Конечно, г-н де Германт не производил на меня впечатления << неподражаемого
образца юношеских граций >>, с которым моей бабушке так хотелось познакомиться и
которого она считала, благодаря "Мемуарам" г-жи де Босержан, примером
неподражаемым. Но надо помнить, что Базену тогда было семь лет, что писательница
была его теткой, а даже те мужья, которые намерены развестись через несколько
месяцев, нахваливают жен.
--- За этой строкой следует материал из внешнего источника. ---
(* Let $X_1,X_2,\dots$ be i.i.d. $\mathbb{Z}$-valued random variables on $(\Omega,\mathcal{F},P)$, $S_n=\sum_{j=1}^nX_j$, satisfying (A1) and (A3) below, with constants $\beta,c_*,\varepsilon$ from (A3). Then there exist $C_3>0$ and $N_3\in\mathbb{N}$ such that for all $n\ge N_3$, $$\left|n^{1/\beta}P\{S_n=0\}-\frac{1}{\beta c_*^{1/\beta}\pi}\Gamma\Big(\frac1\beta\Big)\right|\le C_3n^{-\delta},$$ where $\delta=\min\{\varepsilon/(2\beta),1/2\}$ and $\Gamma$ is the gamma function.
   Context: $\phi(\theta)=\sum_{k\in\mathbb{Z}}e^{i\theta k}P\{X_1=k\}$. (A1) For each $y\in\mathbb{Z}$, the smallest subgroup of $\mathbb{Z}$ containing $\{y+k:P\{X_1=k\}>0\}$ is $\mathbb{Z}$. (A3) There exist $\beta\in(0,2]$, $c_*>0$, $\varepsilon>0$ with $\phi(\theta)=1-c_*|\theta|^\beta+O(|\theta|^{\beta+\varepsilon})$ as $\theta\to0$. *)

theory Defs
  imports "HOL-Probability.Probability" "HOL-Library.Landau_Symbols"
begin

definition charfn :: "'a measure \<Rightarrow> ('a \<Rightarrow> int) \<Rightarrow> real \<Rightarrow> complex" where
  "charfn M Y \<theta> = (\<Sum>\<^sub>\<infinity>k\<in>(UNIV::int set). cis (\<theta> * of_int k) * complex_of_real (measure M {\<omega>\<in>space M. Y \<omega> = k}))"

definition int_subgroup_gen :: "int set \<Rightarrow> int set" where
  "int_subgroup_gen A = \<Inter>{G. 0 \<in> G \<and> (\<forall>a\<in>G. \<forall>b\<in>G. a - b \<in> G) \<and> A \<subseteq> G}"

end

theory Submission
  imports Defs "HOL-Real_Asymp.Real_Asymp"
begin

text \<open>By Fourier inversion on the torus, \<open>2\<pi> P{S\<^sub>n = 0}\<close> is the integral of \<open>\<phi>\<^sup>n\<close> over
  \<open>[-\<pi>, \<pi>]\<close>, and the stretched Gaussian \<open>exp (-n c\<^sub>* |\<theta>|\<^sup>\<beta>)\<close> integrates over \<open>\<real>\<close> to
  \<open>2 \<Gamma>(1/\<beta>) / (\<beta> (n c\<^sub>*)\<^bsup>1/\<beta>\<^esup>)\<close>. The two integrands are compared on \<open>|\<theta>| \<le> r\<^sub>n\<close> with
  \<open>r\<^sub>n = n\<^bsup>\<gamma> - 1/\<beta>\<^esup>\<close> for a small \<open>\<gamma> > 0\<close>, using \<open>|a\<^sup>n - b\<^sup>n| \<le> n |a - b|\<close> and (A3). Outside
  that window both are bounded by \<open>exp (-n \<kappa> |\<theta>|\<^sup>\<beta>)\<close>: near \<open>0\<close> this follows from (A3), and
  away from \<open>0\<close> from \<open>|\<phi>| < 1\<close> on \<open>0 < |\<theta>| \<le> \<pi>\<close>, which is where the aperiodicity (A1) enters:
  \<open>|\<phi>(\<theta>)| = 1\<close> forces \<open>e\<^bsup>i\<theta>k\<^esup>\<close> to be constant on the support of \<open>X\<^sub>1\<close>, hence \<open>e\<^bsup>i\<theta>\<^esup> = 1\<close>.\<close>

lemma abs_exp_minus_sub_le_square:
  fixes x :: real
  assumes "x \<ge> 0"
  shows "\<bar>exp (-x) - (1 - x)\<bar> \<le> x\<^sup>2"
proof -
  have lower: "1 - x \<le> exp (-x)" using exp_ge_add_one_self[of "-x"] by simp
  have "exp (-x) \<le> 1 / (1 + x)"
    using exp_ge_add_one_self[of x] assms by (simp add: exp_minus field_simps)
  also have "\<dots> \<le> 1 - x + x\<^sup>2"
  proof -
    have "1 \<le> (1 + x) * (1 - x + x\<^sup>2)"
      using assms by (simp add: algebra_simps power2_eq_square power3_eq_cube)
    thus ?thesis using assms by (simp add: field_simps)
  qed
  finally show ?thesis using lower by simp
qed

lemma norm_sub_exp_le_of_expansion:
  fixes z :: complex and c t \<beta> e B :: real
  assumes "c \<ge> 0" "0 \<le> t" "t \<le> 1" "e \<le> \<beta>"
    and "norm (z - (1 - complex_of_real (c * t powr \<beta>))) \<le> B * t powr (\<beta> + e)"
  shows "norm (z - exp (-(c * t powr \<beta>))) \<le> (B + c\<^sup>2) * t powr (\<beta> + e)"
proof -
  define x where "x = c * t powr \<beta>"
  have x: "x \<ge> 0" using assms(1) by (simp add: x_def)
  have "norm (z - exp (-x))
      \<le> norm (z - (1 - complex_of_real x)) + norm (complex_of_real ((1 - x) - exp (-x)))"
    using norm_triangle_ineq[of "z - (1 - complex_of_real x)" "complex_of_real ((1 - x) - exp (-x))"]
    by (simp add: algebra_simps)
  also have "\<dots> \<le> B * t powr (\<beta> + e) + x\<^sup>2"
  proof (rule add_mono)
    show "norm (z - (1 - complex_of_real x)) \<le> B * t powr (\<beta> + e)"
      using assms(5) by (simp add: x_def)
    show "norm (complex_of_real ((1 - x) - exp (-x))) \<le> x\<^sup>2"
      unfolding norm_of_real using abs_exp_minus_sub_le_square[OF x] by (simp add: abs_minus_commute)
  qed
  also have "x\<^sup>2 = c\<^sup>2 * t powr (2 * \<beta>)"
    by (simp add: x_def power_mult_distrib power2_eq_square flip: powr_add)
  also have "\<dots> \<le> c\<^sup>2 * t powr (\<beta> + e)"
    using assms by (intro mult_left_mono powr_mono') auto
  finally show ?thesis by (simp add: x_def algebra_simps)
qed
В одном из прелестнейших стихотворений Сент-Бева
рассказывается, как перед неким фонтаном появляется девочка, увенчанная
неисчислимыми дарованиями и прелестями, зовут ее м-ль де Шанплатрг, -- должно
быть, ей тогда не исполнилось и десяти. Несмотря на почтение, которое гениальная
поэтесса, графиня де Ноайль63 испытывала к свекрови, герцогине де Ноайль,
урожденной Шанплатрг, возможно, что написанный ею портрет был бы довольно
отличен от нарисованного Сент-Бевом пятьдесят лет назад.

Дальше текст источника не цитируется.